» About this task: Find all lines with the word "identity" in the material, then copy them.

» Record set:
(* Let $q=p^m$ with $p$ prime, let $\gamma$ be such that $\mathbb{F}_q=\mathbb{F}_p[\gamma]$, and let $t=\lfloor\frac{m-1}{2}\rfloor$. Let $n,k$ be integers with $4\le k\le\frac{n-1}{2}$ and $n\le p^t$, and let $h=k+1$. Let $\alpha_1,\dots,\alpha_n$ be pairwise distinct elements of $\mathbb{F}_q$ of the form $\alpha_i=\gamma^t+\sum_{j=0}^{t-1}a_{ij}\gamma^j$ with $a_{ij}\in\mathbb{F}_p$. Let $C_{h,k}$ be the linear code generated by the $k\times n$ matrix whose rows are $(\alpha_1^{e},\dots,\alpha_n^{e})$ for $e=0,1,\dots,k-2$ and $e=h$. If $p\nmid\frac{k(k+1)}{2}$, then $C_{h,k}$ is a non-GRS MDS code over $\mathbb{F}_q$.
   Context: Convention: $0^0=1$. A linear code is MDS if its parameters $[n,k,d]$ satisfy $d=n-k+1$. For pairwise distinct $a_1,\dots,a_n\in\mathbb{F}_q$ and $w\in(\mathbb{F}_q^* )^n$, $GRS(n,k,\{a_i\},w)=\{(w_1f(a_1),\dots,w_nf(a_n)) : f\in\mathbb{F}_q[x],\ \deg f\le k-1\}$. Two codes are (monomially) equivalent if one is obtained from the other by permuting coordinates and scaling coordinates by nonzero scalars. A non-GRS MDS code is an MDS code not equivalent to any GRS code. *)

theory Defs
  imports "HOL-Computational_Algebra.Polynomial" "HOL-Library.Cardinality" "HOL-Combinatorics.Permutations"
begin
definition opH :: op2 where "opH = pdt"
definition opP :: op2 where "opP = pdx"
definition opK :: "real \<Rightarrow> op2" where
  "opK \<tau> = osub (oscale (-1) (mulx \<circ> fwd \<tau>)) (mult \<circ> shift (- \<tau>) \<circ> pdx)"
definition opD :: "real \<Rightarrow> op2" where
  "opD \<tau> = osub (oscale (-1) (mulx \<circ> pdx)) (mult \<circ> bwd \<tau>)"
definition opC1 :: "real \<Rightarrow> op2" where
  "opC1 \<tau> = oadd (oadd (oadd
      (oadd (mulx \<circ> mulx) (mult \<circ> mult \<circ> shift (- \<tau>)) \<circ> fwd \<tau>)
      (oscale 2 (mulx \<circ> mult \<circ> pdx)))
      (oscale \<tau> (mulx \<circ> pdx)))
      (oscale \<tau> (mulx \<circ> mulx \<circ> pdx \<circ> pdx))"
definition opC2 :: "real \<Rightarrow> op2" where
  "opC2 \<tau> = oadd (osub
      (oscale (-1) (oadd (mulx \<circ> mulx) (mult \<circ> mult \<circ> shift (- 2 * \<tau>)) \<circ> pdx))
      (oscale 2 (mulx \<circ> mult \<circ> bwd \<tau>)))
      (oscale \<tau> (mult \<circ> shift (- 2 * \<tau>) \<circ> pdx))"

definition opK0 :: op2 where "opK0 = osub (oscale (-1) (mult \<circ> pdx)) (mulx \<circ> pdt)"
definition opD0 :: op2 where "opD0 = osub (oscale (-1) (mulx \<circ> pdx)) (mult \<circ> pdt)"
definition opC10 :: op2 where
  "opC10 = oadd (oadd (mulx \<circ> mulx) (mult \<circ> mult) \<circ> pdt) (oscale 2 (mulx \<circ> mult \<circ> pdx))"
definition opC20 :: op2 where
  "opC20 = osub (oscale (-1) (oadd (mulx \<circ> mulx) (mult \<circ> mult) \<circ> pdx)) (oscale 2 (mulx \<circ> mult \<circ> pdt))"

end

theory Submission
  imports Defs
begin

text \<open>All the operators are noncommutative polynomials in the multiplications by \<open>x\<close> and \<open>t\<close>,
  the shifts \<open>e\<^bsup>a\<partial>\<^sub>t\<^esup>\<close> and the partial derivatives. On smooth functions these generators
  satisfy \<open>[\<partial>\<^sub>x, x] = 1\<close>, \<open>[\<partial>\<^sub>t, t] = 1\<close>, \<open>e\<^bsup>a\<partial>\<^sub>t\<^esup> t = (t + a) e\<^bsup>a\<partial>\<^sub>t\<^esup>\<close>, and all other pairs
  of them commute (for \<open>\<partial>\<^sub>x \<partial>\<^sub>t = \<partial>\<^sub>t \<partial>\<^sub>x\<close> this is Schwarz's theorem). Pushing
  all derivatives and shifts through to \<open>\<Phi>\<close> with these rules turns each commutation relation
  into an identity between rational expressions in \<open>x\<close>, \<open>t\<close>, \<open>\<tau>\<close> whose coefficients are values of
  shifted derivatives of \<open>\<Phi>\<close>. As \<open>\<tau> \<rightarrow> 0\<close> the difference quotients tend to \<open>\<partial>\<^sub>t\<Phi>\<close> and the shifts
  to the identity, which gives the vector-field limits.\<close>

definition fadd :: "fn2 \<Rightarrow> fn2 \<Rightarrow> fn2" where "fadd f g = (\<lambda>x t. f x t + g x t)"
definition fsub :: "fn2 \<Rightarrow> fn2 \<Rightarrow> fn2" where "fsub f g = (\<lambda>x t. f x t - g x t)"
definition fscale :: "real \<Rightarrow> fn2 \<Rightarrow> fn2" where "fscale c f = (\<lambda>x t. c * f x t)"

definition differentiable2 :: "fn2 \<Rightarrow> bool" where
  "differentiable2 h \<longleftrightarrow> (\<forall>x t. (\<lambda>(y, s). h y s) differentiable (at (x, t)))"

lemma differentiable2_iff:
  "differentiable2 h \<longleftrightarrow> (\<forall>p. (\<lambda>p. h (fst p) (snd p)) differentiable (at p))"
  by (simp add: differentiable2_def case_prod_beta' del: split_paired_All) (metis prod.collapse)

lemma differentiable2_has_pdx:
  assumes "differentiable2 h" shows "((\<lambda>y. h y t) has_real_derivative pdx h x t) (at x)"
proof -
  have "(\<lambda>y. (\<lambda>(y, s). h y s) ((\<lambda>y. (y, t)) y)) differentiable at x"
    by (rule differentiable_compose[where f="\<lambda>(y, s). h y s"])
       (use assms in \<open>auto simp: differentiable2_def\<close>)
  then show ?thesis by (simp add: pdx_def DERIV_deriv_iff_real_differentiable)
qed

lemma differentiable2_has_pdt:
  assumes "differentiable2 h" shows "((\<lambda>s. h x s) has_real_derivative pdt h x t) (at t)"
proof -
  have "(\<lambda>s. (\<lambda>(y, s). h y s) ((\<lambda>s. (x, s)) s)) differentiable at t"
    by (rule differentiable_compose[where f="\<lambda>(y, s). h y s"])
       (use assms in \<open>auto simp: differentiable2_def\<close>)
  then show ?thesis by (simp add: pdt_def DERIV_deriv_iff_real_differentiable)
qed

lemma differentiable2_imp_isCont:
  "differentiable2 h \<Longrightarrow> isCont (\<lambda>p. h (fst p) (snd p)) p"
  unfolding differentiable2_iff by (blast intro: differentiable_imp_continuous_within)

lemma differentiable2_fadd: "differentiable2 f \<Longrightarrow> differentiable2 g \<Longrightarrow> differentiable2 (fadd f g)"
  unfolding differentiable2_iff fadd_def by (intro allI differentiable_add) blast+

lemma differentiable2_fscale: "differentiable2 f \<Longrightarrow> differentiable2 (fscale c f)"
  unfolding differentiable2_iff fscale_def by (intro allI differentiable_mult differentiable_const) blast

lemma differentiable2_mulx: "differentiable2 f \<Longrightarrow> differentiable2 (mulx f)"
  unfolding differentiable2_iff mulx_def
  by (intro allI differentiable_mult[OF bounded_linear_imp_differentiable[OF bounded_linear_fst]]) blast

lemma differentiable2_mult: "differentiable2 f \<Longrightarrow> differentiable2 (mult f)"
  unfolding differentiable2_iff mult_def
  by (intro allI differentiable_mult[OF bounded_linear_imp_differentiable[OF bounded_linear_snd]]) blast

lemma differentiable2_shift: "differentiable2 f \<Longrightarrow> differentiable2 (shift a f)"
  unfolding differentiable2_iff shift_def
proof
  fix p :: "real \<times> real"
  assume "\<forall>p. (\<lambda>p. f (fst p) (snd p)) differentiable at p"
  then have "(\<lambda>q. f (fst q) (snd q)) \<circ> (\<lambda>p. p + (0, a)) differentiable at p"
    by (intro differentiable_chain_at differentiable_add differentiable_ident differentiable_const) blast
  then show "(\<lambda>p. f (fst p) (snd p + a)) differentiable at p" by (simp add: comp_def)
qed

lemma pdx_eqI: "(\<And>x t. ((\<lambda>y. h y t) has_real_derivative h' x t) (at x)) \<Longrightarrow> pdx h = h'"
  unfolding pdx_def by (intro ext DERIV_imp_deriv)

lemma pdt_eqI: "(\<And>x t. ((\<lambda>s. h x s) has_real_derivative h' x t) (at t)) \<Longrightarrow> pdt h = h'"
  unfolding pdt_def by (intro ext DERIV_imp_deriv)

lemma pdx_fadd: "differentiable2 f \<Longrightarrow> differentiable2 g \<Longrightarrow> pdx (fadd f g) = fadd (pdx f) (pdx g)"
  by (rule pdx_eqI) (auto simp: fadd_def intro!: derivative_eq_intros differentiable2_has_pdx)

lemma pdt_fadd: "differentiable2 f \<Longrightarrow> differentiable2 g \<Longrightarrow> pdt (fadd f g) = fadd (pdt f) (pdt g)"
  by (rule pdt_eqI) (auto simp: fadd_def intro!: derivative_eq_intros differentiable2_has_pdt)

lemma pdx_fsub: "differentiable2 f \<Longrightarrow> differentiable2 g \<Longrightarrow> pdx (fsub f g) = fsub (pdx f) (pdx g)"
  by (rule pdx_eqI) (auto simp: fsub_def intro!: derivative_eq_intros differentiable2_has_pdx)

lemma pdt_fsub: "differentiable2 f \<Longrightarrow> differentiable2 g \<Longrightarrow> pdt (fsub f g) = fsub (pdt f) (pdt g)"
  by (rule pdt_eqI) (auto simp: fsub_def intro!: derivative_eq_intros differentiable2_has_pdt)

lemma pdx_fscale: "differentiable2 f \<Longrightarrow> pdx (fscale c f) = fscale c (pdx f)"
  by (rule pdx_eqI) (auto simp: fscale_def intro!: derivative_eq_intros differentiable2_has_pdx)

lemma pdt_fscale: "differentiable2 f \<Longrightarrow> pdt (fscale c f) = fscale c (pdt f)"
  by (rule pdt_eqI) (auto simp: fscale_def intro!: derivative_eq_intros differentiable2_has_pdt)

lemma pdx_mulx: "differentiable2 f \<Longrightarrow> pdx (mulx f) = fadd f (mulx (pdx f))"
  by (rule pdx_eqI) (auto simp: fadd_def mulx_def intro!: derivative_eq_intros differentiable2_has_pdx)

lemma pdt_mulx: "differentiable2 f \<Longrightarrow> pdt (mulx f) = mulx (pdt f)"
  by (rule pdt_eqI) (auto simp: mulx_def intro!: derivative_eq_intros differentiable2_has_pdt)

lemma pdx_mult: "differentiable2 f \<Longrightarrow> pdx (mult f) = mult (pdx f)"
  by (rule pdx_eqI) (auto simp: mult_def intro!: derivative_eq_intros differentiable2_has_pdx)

» Expected answer:
  into an identity between rational expressions in \<open>x\<close>, \<open>t\<close>, \<open>\<tau>\<close> whose coefficients are values of
  to the identity, which gives the vector-field limits.\<close>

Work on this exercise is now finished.